Bolton-Le-Sands (St. Michael)

BOLTON-LE-SANDS (St. Michael), a parish, in the hundred of Lonsdale south of the Sands, N. division of the county of Lancaster; containing 1774 inhabitants, of whom 671 are in the township of Bolton, 4 miles (N.) from Lancaster, on the road to Kendal. On the foundation of the priory at Lancaster, Roger de Poictou gave to it the church of "Boelton," with the tithes of the lordship, and half a carucate of land; and in the Testa de Nevill, several transactions are mentioned of a family of the local name, as occurring in the registry of the priory. The manor of Bolton, on the suppression of religious communities, seems to have passed to the crown. The parish comprises the townships of Bolton, Slyne with Hest, and Nether Kellet, and the chapelry of Over Kellet. Bolton township comprises 1574a. 3r., chiefly arable land; the surface is undulated, and the soil principally loam, with a gravelly subsoil. It is beautifully situated on Morecambe bay, having views of the Lake mountains and the opposite shore of Furness.

The living is a discharged vicarage, valued in the king's books at £4. 15., and in the patronage of the Bishop of Chester, who is appropriator. The church has a noble square tower: the body was rebuilt in 1816; as was the chancel in 1846, in the early English style, at a cost of £600, by John Holden, Esq., of Woodlands, Gateacre, near Liverpool, as a memorial of his late wife, the daughter of John Walmsley, Esq., of Richmond House, Lancaster. The windows of the chancel are of stained glass, by Wailes, of Newcastle; the eastern window depicts the Crucifixion and Ascension, and the rest contain family arms. The chapel at Over Kellet forms a distinct incumbency. The free school was founded in 1619, by Thomas Assheton, and has an income of £27, arising from the original endowment and subsequent benefactions. The interest of £250, left in 1838 by Richard Sparling Berry, Esq., is given in rewards to parents who educate their children without parochial relief, in the township of Bolton. The arm of a Saxon stone cross, and the remains of the cross from the churchyard, are preserved.

Bolton-Percy (All Saints)

BOLTON-PERCY (All Saints), a parish, in the Ainsty wapentake, W. riding of York; containing 1040 inhabitants, of whom 241 are in the township of Bolton-Percy, 4 miles (E. by S.) from Tadcaster. This parish, which is bounded on the south-west by the river Wharfe, comprises the four townships of Bolton-Percy, Appleton-Roebuck, Colton, and Steeton; and contains about 7320 acres. The soil is generally a strong clay, with portions of a lighter kind; the surface is level, and interspersed with small plantations and woods. Bricks and tiles are manufactured. The York and NorthMidland railway passes through the parish, in which is a station. The living is a rectory, valued in the king's books at £39. 15. 2½.; net income, £1540; patron, the Archbishop of York. The church, built in 1423, by Thomas Parker, rector, is a neat structure with a square tower; it is decorated with a quantity of stained glass, and contains several monuments to the Fairfax family.

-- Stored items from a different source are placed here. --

theorem lemma6p6:
  fixes m n :: nat and p :: spoly
  assumes "is_spoly p"
    and "\<forall>A \<in> Uset m n. speval p A = gzero"
  shows "\<forall>A \<in> Emat m n. speval p A = gzero"
proof (intro ballI ext)
  fix A S assume A: "A \<in> Emat m n"
  have "is_poly_fun (\<lambda>t. speval p (shift_diag m n A t) S)"
    using grass_poly_fun_speval[of "shift_diag m n A", OF grass_poly_fun_shift_diag]
    unfolding grass_poly_fun_def by blast
  moreover have "{t. speval p (shift_diag m n A t) S \<noteq> 0} \<subseteq> {t. shift_diag m n A t \<notin> Uset m n}"
    using assms(2) by (auto simp: gzero_def)
  then have "finite {t. speval p (shift_diag m n A t) S \<noteq> 0}"
    using finite_shift_diag_notin_Uset[OF A] by (rule finite_subset)
  ultimately have "speval p (shift_diag m n A 0) S = 0"
    by (rule is_poly_fun_eq_0_if_cofinite_0)
  then show "speval p A S = gzero S"
    by (simp add: gzero_def)
qed

end
lemma module_hom_expand:
  assumes "module_hom tsc s L"
  shows "L p = (\<Sum>k\<in>Poly_Mapping.keys p. s (Poly_Mapping.lookup p k) (L (Poly_Mapping.single k 1)))"
proof -
  interpret module_hom tsc s L by fact
  show ?thesis by (subst pm_expand) (simp add: sum scale)
qed

lemma module_hom_eqI:
  assumes "module_hom tsc s L" "module_hom tsc s L'"
    and "\<And>k. k \<in> Poly_Mapping.keys p \<Longrightarrow> L (Poly_Mapping.single k 1) = L' (Poly_Mapping.single k 1)"
  shows "L p = L' p"
  unfolding module_hom_expand[OF assms(1), of p] module_hom_expand[OF assms(2), of p]
  using assms(3) by simp

lemma module_hom_span_image:
  assumes "module_hom tsc tsc L" "\<And>r. r \<in> X \<Longrightarrow> L r \<in> fvs.span Y" "p \<in> fvs.span X"
  shows "L p \<in> fvs.span Y"
  using assms(3)
proof (induction rule: fvs.span_induct_alt)
  case (step c x y)
  interpret module_hom tsc tsc L by fact
  show ?case using step assms(2) by (simp add: add scale fvs.span_add fvs.span_scale)
qed (simp add: module_hom.zero[OF assms(1)] fvs.span_zero)

lemma module_hom_diff_in_span:
  assumes "module_hom tsc tsc L" "module_hom tsc tsc L'"
    and "\<And>k. k \<in> Poly_Mapping.keys p \<Longrightarrow>
       L (Poly_Mapping.single k 1) - L' (Poly_Mapping.single k 1) \<in> fvs.span Y"
  shows "L p - L' p \<in> fvs.span Y"
proof -
  have "L p - L' p = (\<Sum>k\<in>Poly_Mapping.keys p. tsc (Poly_Mapping.lookup p k)
         (L (Poly_Mapping.single k 1) - L' (Poly_Mapping.single k 1)))"
    unfolding module_hom_expand[OF assms(1), of p] module_hom_expand[OF assms(2), of p]
    by (simp add: fvs.scale_right_diff_distrib sum_subtractf)
  also have "\<dots> \<in> fvs.span Y"
    by (intro fvs.span_sum fvs.span_scale assms(3))
  finally show ?thesis .
qed

lemma pmmap_lin_ext: "pmmap g = lin_ext tsc (\<lambda>k. Poly_Mapping.single (g k) 1)"
  by (simp add: fun_eq_iff pmmap_def lin_ext_def tsc_single)

lemma module_hom_pmmap: "module_hom tsc tsc (pmmap g)"
  unfolding pmmap_lin_ext by (rule module_hom_lin_ext[OF tsc_module])

interpretation pmmap: module_hom tsc tsc "pmmap g" for g
  by (rule module_hom_pmmap)

lemma pmmap_single [simp]: "pmmap g (Poly_Mapping.single k c) = Poly_Mapping.single (g k) c"
  by (simp add: pmmap_lin_ext lin_ext_single[OF tsc_module] tsc_single)

lemma pmmap_comp: "pmmap g (pmmap g' p) = pmmap (g \<circ> g') p"
proof (rule module_hom_eqI[where s = tsc and L = "\<lambda>p. pmmap g (pmmap g' p)"])
  show "module_hom tsc tsc (\<lambda>p. pmmap g (pmmap g' p))"
    using module_hom_compose[OF module_hom_pmmap module_hom_pmmap] by (simp add: comp_def)
qed (simp_all add: module_hom_pmmap)

lemma pmmap_id: "pmmap (\<lambda>x. x) p = p"
  by (rule module_hom_eqI[where s = tsc]) (simp_all add: module_hom_pmmap fvs.module_hom_ident)

lemma keys_pmmap: "Poly_Mapping.keys (pmmap g p) \<subseteq> g ` Poly_Mapping.keys p"
proof -
  have "Poly_Mapping.keys (pmmap g p) \<subseteq>
      (\<Union>k\<in>Poly_Mapping.keys p. Poly_Mapping.keys (Poly_Mapping.single (g k) (Poly_Mapping.lookup p k)))"
    unfolding pmmap_def by (rule keys_sum)
  also have "\<dots> \<subseteq> g ` Poly_Mapping.keys p" by auto
  finally show ?thesis .
qed

lemma qcl_eq_iff: "qcl (fvs.span X) p = qcl (fvs.span X) q \<longleftrightarrow> p - q \<in> fvs.span X"
proof
  assume "qcl (fvs.span X) p = qcl (fvs.span X) q"
  moreover have "p \<in> qcl (fvs.span X) p" by (simp add: qcl_def fvs.span_zero)
  ultimately show "p - q \<in> fvs.span X" by (simp add: qcl_def)
next
  assume "p - q \<in> fvs.span X"
  then have "y - p \<in> fvs.span X \<longleftrightarrow> y - q \<in> fvs.span X" for y
    using fvs.span_add[of "y - p" X "p - q"] fvs.span_diff[of "y - q" X "p - q"] by auto
  then show "qcl (fvs.span X) p = qcl (fvs.span X) q" by (auto simp: qcl_def)
qed

lemma rep_qcl: "rep (qcl (fvs.span X) p) - p \<in> fvs.span X"
proof -
  have "p \<in> qcl (fvs.span X) p" by (simp add: qcl_def fvs.span_zero)
  then have "rep (qcl (fvs.span X) p) \<in> qcl (fvs.span X) p" unfolding rep_def by (rule someI)
  then show ?thesis by (simp add: qcl_def)
qed

lemma qcl_rep [simp]: "qcl (fvs.span X) (rep (qcl (fvs.span X) p)) = qcl (fvs.span X) p"
  using rep_qcl qcl_eq_iff by blast

lemma qcl_add_rep: "qcl (fvs.span X) (rep (qcl (fvs.span X) p) + rep (qcl (fvs.span X) q)) = qcl (fvs.span X) (p + q)"
proof -
  have "(rep (qcl (fvs.span X) p) - p) + (rep (qcl (fvs.span X) q) - q) \<in> fvs.span X"
    by (intro fvs.span_add rep_qcl)
  then show ?thesis by (simp add: qcl_eq_iff algebra_simps)
qed

lemma qcl_hom_rep:
  assumes "module_hom tsc tsc L" "\<And>r. r \<in> X \<Longrightarrow> L r \<in> fvs.span Y"
  shows "qcl (fvs.span Y) (L (rep (qcl (fvs.span X) p))) = qcl (fvs.span Y) (L p)"
proof -
  have "L (rep (qcl (fvs.span X) p) - p) \<in> fvs.span Y"
    by (rule module_hom_span_image[OF assms rep_qcl])
  then show ?thesis by (simp add: qcl_eq_iff module_hom.diff[OF assms(1)])
qed

lemma qcl_tsc_rep: "qcl (fvs.span X) (tsc c (rep (qcl (fvs.span X) p))) = qcl (fvs.span X) (tsc c p)"
  by (rule qcl_hom_rep) (simp_all add: fvs.span_scale fvs.span_base)

section \<open>The tensor algebra\<close>

lemma tmul_lin_ext:
  "tmul p q = lin_ext tsc (\<lambda>u. lin_ext tsc (\<lambda>v. Poly_Mapping.single (u @ v) 1) q) p"
  by (simp add: tmul_def lin_ext_def fvs.scale_sum_right tsc_single mult.commute)

lemma module_hom_tmul_left: "module_hom tsc tsc (\<lambda>p. tmul p q)"
  unfolding tmul_lin_ext by (rule module_hom_lin_ext[OF tsc_module])

lemma module_hom_tmul_right:
  fixes p :: "'a list \<Rightarrow>\<^sub>0 'k::field"
  shows "module_hom tsc tsc (tmul p)"
proof -
  let ?L = "\<lambda>u. lin_ext tsc (\<lambda>v. Poly_Mapping.single (u @ v) (1::'k))"
  have L: "module_hom tsc tsc (?L u)" for u by (rule module_hom_lin_ext[OF tsc_module])
  have e: "tmul p q = (\<Sum>u\<in>Poly_Mapping.keys p. tsc (Poly_Mapping.lookup p u) (?L u q))" for q
    by (simp add: tmul_lin_ext lin_ext_def)
  show ?thesis
    by (simp add: module_hom_iff tsc_module e module_hom.add[OF L] module_hom.scale[OF L]
        fvs.scale_right_distrib sum.distrib fvs.scale_sum_right fvs.scale_left_commute mult.commute)
qed

interpretation tmul_left: module_hom tsc tsc "\<lambda>p. tmul p q" for q
  by (rule module_hom_tmul_left)

interpretation tmul_right: module_hom tsc tsc "tmul p" for p
  by (rule module_hom_tmul_right)

lemma tmul_single: "tmul (Poly_Mapping.single u a) (Poly_Mapping.single v b) = Poly_Mapping.single (u @ v) (a * b)"
  by (simp add: tmul_lin_ext lin_ext_single[OF tsc_module] tsc_single)

lemma tmul_assoc: "tmul (tmul p q) r = tmul p (tmul q r)"
proof (rule module_hom_eqI[where s = tsc and L = "\<lambda>p. tmul (tmul p q) r"])
  show "module_hom tsc tsc (\<lambda>p. tmul (tmul p q) r)"
    using module_hom_compose[OF module_hom_tmul_left module_hom_tmul_left] by (simp add: comp_def)
  fix u
  show "tmul (tmul (Poly_Mapping.single u 1) q) r = tmul (Poly_Mapping.single u 1) (tmul q r)"
  proof (rule module_hom_eqI[where s = tsc and L = "\<lambda>q. tmul (tmul (Poly_Mapping.single u 1) q) r"])
    show "module_hom tsc tsc (\<lambda>q. tmul (tmul (Poly_Mapping.single u 1) q) r)"
      using module_hom_compose[OF module_hom_tmul_right module_hom_tmul_left] by (simp add: comp_def)
    show "module_hom tsc tsc (\<lambda>q. tmul (Poly_Mapping.single u 1) (tmul q r))"
      using module_hom_compose[OF module_hom_tmul_left module_hom_tmul_right] by (simp add: comp_def)
    fix v
    show "tmul (tmul (Poly_Mapping.single u 1) (Poly_Mapping.single v 1)) r =
          tmul (Poly_Mapping.single u 1) (tmul (Poly_Mapping.single v 1) r)"
    proof (rule module_hom_eqI[where s = tsc and L = "tmul (tmul (Poly_Mapping.single u 1) (Poly_Mapping.single v 1))"])
      show "module_hom tsc tsc (\<lambda>r. tmul (Poly_Mapping.single u 1) (tmul (Poly_Mapping.single v 1) r))"
        using module_hom_compose[OF module_hom_tmul_right module_hom_tmul_right] by (simp add: comp_def)
    qed (simp_all add: tmul_single module_hom_tmul_right)
  qed
qed (simp add: module_hom_tmul_left)
lemma has_dir_deriv_lower_envelope:
  fixes f :: "'i \<Rightarrow> 'a::real_vector \<Rightarrow> ereal"
  assumes "finite A" "A \<noteq> {}"
    and deriv: "\<And>i. i \<in> A \<Longrightarrow> has_dir_deriv (f i) x d (L i)"
    and active: "\<And>i. i \<in> A \<Longrightarrow> f i x = G x" and "G x = ereal r"
    and envelope: "\<forall>\<^sub>F s in at_right 0. G (x + s *\<^sub>R d) = lower_envelope f A (x + s *\<^sub>R d)"
  shows "has_dir_deriv G x d (Min (L ` A))"
proof -
  define q where "q = (\<lambda>i s. (f i (x + s *\<^sub>R d) - f i x) / ereal s)"
  have "\<forall>\<^sub>F s in at_right 0. lower_envelope q A s = (G (x + s *\<^sub>R d) - G x) / ereal s"
    using envelope eventually_at_right_0_less_1
  proof eventually_elim
    case (elim s)
    \<comment> \<open>subtracting G x and dividing by s > 0 is monotone, so it commutes with Min\<close>
    define h where "h a = (a - ereal r) / ereal s" for a
    have "mono h"
      using elim(2) by (auto simp: mono_def h_def intro!: ereal_divide_right_mono ereal_minus_mono)
    then have "h (lower_envelope f A (x + s *\<^sub>R d)) = Min (h ` (\<lambda>i. f i (x + s *\<^sub>R d)) ` A)"
      unfolding lower_envelope_def using assms(1,2) by (simp add: mono_Min_commute)
    also have "\<dots> = lower_envelope q A s"
      using active \<open>G x = ereal r\<close> by (simp add: lower_envelope_def image_image q_def h_def)
    finally have "h (lower_envelope f A (x + s *\<^sub>R d)) = lower_envelope q A s" .
    with elim(1) \<open>G x = ereal r\<close> show ?case
      by (simp add: h_def)
  qed
  moreover have "(lower_envelope q A \<longlongrightarrow> Min ((\<lambda>i. ereal (L i)) ` A)) (at_right 0)"
    using assms(1,2) deriv by (intro tendsto_lower_envelope) (auto simp: has_dir_deriv_def q_def)
  moreover have "Min ((\<lambda>i. ereal (L i)) ` A) = ereal (Min (L ` A))"
    using assms(1,2) mono_Min_commute[of ereal "L ` A"] by (simp add: mono_def image_image)
  ultimately show ?thesis
    unfolding has_dir_deriv_def by (simp add: tendsto_cong)
qed

lemma continuous_on_edom_eventually:
  fixes g :: "'a::topological_space \<Rightarrow> ereal"
  assumes "continuous_on (edom g) g" "closed (edom g)" "m < g x"
  shows "\<forall>\<^sub>F y in nhds x. m < g y"
proof (cases "x \<in> edom g")
  case True
  then have "(g \<longlongrightarrow> g x) (at x within edom g)"
    using assms(1) by (simp add: continuous_on_def)
  then have "\<forall>\<^sub>F y in at x within edom g. m < g y"
    using assms(3) by (rule order_tendstoD)
  then have "\<forall>\<^sub>F y in nhds x. y \<noteq> x \<longrightarrow> y \<in> edom g \<longrightarrow> m < g y"
    by (simp add: eventually_at_filter)
  then show ?thesis
  proof eventually_elim
    case (elim y)
    then show ?case
      using assms(3) by (cases "y = x") (auto simp: edom_def)
  qed
next
  case False
  then have "\<forall>\<^sub>F y in nhds x. y \<in> - edom g"
    using assms(2) by (intro eventually_nhds_in_open) auto
  then show ?thesis
    by eventually_elim (use assms(3) in \<open>auto simp: edom_def\<close>)
qed

lemma lower_envelope_active_near:
  fixes f :: "'i \<Rightarrow> 'a::metric_space \<Rightarrow> ereal" and I :: "'i set"
  defines "F \<equiv> lower_envelope f I"
  assumes "finite I" "I \<noteq> {}"
    and cont: "\<And>i. i \<in> I \<Longrightarrow> continuous_on (edom (f i)) (f i)"
    and closed: "\<And>i. i \<in> I \<Longrightarrow> closed (edom (f i))"
    and contF: "continuous_on (edom F) F" and "x \<in> edom F"
  obtains e where "e > 0" "\<And>z. z \<in> ball x e \<inter> edom F \<Longrightarrow> \<exists>k\<in>I. f k x = F x \<and> f k z = F z"
proof -
  have "\<forall>\<^sub>F y in nhds x. \<forall>i\<in>{i\<in>I. f i x \<noteq> F x}. y \<in> edom F \<longrightarrow> F y < f i y"
  proof (intro eventually_ball_finite ballI)
    fix i
    assume i: "i \<in> {i\<in>I. f i x \<noteq> F x}"
    then have "F x < f i x"
      using lower_envelope_le[OF \<open>finite I\<close>] by (auto simp: F_def order.strict_iff_order)
    then obtain m where m: "F x < m" "m < f i x"
      using dense by blast
    have "(F \<longlongrightarrow> F x) (at x within edom F)"
      using contF \<open>x \<in> edom F\<close> by (simp add: continuous_on_def)
    then have "\<forall>\<^sub>F y in at x within edom F. F y < m"
      using m(1) by (rule order_tendstoD)
    then have "\<forall>\<^sub>F y in nhds x. y \<noteq> x \<longrightarrow> y \<in> edom F \<longrightarrow> F y < m"
      by (simp add: eventually_at_filter)
    moreover have "\<forall>\<^sub>F y in nhds x. m < f i y"
      using cont closed i m(2) by (intro continuous_on_edom_eventually) auto
    ultimately show "\<forall>\<^sub>F y in nhds x. y \<in> edom F \<longrightarrow> F y < f i y"
    proof eventually_elim
      case (elim y)
      then show ?case
        using m by (cases "y = x") auto
    qed
  qed (use \<open>finite I\<close> in simp)
  then obtain e where "e > 0" and e: "\<And>y i. dist y x < e \<Longrightarrow> i \<in> I \<Longrightarrow> f i x \<noteq> F x \<Longrightarrow>
      y \<in> edom F \<Longrightarrow> F y < f i y"
    unfolding eventually_nhds_metric by blast
  show thesis
  proof (rule that[OF \<open>e > 0\<close>])
    fix z
    assume z: "z \<in> ball x e \<inter> edom F"
    obtain k where k: "k \<in> I" "F z = f k z"
      using lower_envelope_attained[OF \<open>finite I\<close> \<open>I \<noteq> {}\<close>] unfolding F_def by metis
    with e[of z k] z have "f k x = F x"
      by (auto simp: dist_commute)
    with k show "\<exists>k\<in>I. f k x = F x \<and> f k z = F z"
      by auto
  qed
qed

Bolton-upon-Dearne (St. Andrew)

BOLTON-upon-Dearne (St. Andrew), a parish, in the union of Doncaster, N. division of the wapentake of Strafforth and Tickhill, W. riding of York, 7¼ miles (N. by E.) from Rotherham, and upon the road from Doncaster to Barnsley; containing 671 inhabitants. At the time of the Conquest here was a church, with its attendant priest; also a mill; and the country appears to have been in a higher state of cultivation than the lands around. The place became the residence of several families of some consideration, and seems to have been from early times a rich and flourishing spot. It lies on the line of road traced by those who consider that a Roman road existed from Templeborough to Castleford; and it is certain there was a bridge over the Dearne here at a remote period, the pontage of which was early a subject of dispute, as is recorded in the Hundred rolls. The parish comprises by measurement 2400 acres, of which about one-third is grass, and the remainder arable: the soil is various, in some parts a strong clay, in others a light sand; and the substratum abounds with excellent sandstone, which is extensively quarried. The village is beautifully situated on the northern acclivities of the vale of Dearne, having a good bridge over the river, said to occupy the site of a Roman ford; and about a mile northward is the pleasant hamlet of Goldthorpe. A statute-fair for hiring servants is held on the second Thursday in November. The living is a perpetual curacy, valued in the king's books at £6. 15. 5.; net income, £88; patrons, the Executors of the late W. H. Marsden, Esq., in whom are vested the impropriate tithes, which have been commuted for £580. The church is an ancient edifice, chiefly in the Norman style, with a tower at the west end. There is a place of worship for Wesleyans.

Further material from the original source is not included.